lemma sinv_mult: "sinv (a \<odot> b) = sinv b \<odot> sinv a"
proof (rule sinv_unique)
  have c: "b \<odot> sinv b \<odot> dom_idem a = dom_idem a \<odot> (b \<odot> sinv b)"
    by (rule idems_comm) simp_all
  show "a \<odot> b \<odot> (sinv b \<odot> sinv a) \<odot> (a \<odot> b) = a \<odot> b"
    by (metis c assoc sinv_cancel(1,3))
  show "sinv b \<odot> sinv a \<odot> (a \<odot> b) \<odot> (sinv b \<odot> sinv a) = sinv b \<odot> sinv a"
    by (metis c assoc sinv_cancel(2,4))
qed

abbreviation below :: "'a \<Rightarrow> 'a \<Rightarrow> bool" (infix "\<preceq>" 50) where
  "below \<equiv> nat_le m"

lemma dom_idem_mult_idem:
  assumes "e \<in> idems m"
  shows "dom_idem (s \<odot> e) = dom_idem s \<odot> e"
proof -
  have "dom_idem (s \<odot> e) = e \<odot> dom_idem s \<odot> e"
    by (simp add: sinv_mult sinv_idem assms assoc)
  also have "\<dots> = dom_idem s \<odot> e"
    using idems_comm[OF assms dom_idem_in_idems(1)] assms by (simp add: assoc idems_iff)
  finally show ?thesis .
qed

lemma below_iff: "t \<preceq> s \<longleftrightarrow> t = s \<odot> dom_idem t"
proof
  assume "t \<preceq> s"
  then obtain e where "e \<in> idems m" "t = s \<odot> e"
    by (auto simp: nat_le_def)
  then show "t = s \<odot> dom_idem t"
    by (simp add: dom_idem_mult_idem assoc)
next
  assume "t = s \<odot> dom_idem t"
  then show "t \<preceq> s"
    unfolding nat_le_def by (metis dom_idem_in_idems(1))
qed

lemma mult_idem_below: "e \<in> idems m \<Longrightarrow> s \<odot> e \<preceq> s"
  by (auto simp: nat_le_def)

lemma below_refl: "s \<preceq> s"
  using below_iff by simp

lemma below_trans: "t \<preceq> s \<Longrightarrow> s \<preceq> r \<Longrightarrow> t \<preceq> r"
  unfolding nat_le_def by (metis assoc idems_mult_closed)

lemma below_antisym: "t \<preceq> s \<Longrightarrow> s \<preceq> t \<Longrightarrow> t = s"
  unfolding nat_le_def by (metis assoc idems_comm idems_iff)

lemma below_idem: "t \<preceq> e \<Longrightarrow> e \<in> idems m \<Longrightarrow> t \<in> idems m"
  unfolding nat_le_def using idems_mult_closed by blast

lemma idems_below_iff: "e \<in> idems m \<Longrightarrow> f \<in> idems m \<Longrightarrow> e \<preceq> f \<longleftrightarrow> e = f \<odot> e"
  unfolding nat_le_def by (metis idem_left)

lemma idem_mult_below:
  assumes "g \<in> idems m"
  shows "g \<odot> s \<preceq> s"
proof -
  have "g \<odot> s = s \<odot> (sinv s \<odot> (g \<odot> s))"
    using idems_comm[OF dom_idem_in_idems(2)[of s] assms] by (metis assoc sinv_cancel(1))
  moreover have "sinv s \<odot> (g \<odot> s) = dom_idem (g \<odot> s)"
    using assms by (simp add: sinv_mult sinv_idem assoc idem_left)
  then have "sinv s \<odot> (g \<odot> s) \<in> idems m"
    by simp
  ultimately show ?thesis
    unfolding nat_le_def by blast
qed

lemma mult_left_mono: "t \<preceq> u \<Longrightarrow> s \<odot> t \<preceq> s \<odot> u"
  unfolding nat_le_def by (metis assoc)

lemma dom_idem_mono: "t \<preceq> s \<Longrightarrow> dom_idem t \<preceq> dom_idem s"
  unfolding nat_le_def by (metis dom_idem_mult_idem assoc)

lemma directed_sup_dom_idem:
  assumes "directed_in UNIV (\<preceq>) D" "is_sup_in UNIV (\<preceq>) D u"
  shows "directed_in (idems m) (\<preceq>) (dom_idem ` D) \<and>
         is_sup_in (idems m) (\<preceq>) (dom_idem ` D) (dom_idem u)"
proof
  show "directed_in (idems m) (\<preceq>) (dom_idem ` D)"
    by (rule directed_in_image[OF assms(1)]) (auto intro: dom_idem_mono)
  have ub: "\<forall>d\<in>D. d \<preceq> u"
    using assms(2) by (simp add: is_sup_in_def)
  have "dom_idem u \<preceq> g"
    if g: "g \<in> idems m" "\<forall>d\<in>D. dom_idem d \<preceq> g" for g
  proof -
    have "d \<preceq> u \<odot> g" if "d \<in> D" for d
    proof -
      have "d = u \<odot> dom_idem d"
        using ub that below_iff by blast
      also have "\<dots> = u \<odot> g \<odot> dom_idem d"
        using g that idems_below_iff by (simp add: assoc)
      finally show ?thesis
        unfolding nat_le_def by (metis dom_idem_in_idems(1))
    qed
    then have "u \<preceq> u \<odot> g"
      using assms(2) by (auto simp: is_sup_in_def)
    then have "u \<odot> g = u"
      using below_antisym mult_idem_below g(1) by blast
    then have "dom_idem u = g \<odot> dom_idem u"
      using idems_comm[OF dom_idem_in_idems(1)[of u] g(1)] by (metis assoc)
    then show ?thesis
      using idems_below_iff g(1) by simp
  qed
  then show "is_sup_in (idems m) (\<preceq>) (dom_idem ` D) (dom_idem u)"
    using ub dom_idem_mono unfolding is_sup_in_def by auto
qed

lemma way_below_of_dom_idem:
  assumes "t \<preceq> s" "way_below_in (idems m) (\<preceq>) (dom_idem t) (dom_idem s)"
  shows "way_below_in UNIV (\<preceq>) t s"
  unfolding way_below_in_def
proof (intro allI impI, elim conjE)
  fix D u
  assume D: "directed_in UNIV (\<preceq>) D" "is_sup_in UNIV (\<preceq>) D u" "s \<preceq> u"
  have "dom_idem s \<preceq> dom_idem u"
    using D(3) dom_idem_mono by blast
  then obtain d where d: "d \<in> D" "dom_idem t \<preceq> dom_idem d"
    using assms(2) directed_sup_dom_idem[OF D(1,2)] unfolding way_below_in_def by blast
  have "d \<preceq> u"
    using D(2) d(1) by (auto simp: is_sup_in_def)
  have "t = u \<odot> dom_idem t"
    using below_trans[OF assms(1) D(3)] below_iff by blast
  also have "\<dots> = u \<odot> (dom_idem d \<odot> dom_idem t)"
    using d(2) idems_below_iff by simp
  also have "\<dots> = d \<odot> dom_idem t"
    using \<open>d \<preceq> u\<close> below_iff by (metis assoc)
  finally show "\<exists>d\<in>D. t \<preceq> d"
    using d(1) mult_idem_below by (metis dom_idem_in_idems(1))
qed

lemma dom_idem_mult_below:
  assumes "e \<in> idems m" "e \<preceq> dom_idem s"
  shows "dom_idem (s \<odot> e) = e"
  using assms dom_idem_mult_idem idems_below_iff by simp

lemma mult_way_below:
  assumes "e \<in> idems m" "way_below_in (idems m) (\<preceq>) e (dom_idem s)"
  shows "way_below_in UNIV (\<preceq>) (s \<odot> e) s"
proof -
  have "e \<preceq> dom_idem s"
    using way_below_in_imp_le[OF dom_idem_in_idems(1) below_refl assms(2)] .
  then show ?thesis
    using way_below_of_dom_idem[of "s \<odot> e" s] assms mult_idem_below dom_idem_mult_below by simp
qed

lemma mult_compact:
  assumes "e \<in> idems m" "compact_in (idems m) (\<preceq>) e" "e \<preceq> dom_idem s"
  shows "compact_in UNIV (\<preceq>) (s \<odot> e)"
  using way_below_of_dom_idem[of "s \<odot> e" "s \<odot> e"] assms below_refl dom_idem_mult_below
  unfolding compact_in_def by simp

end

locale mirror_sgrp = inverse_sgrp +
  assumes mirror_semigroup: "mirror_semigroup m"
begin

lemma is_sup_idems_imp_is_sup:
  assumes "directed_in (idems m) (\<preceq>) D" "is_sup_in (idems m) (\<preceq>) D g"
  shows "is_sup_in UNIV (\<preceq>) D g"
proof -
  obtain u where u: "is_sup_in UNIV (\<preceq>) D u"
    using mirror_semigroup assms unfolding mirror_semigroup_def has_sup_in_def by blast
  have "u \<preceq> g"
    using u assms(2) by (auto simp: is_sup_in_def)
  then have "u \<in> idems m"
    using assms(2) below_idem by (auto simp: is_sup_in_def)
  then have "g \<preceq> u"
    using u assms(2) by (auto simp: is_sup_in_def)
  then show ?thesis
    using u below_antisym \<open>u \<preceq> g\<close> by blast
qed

————

Indicate how many lines in the records above include the word "open", giving no other content.

> [Solution to this problem] 2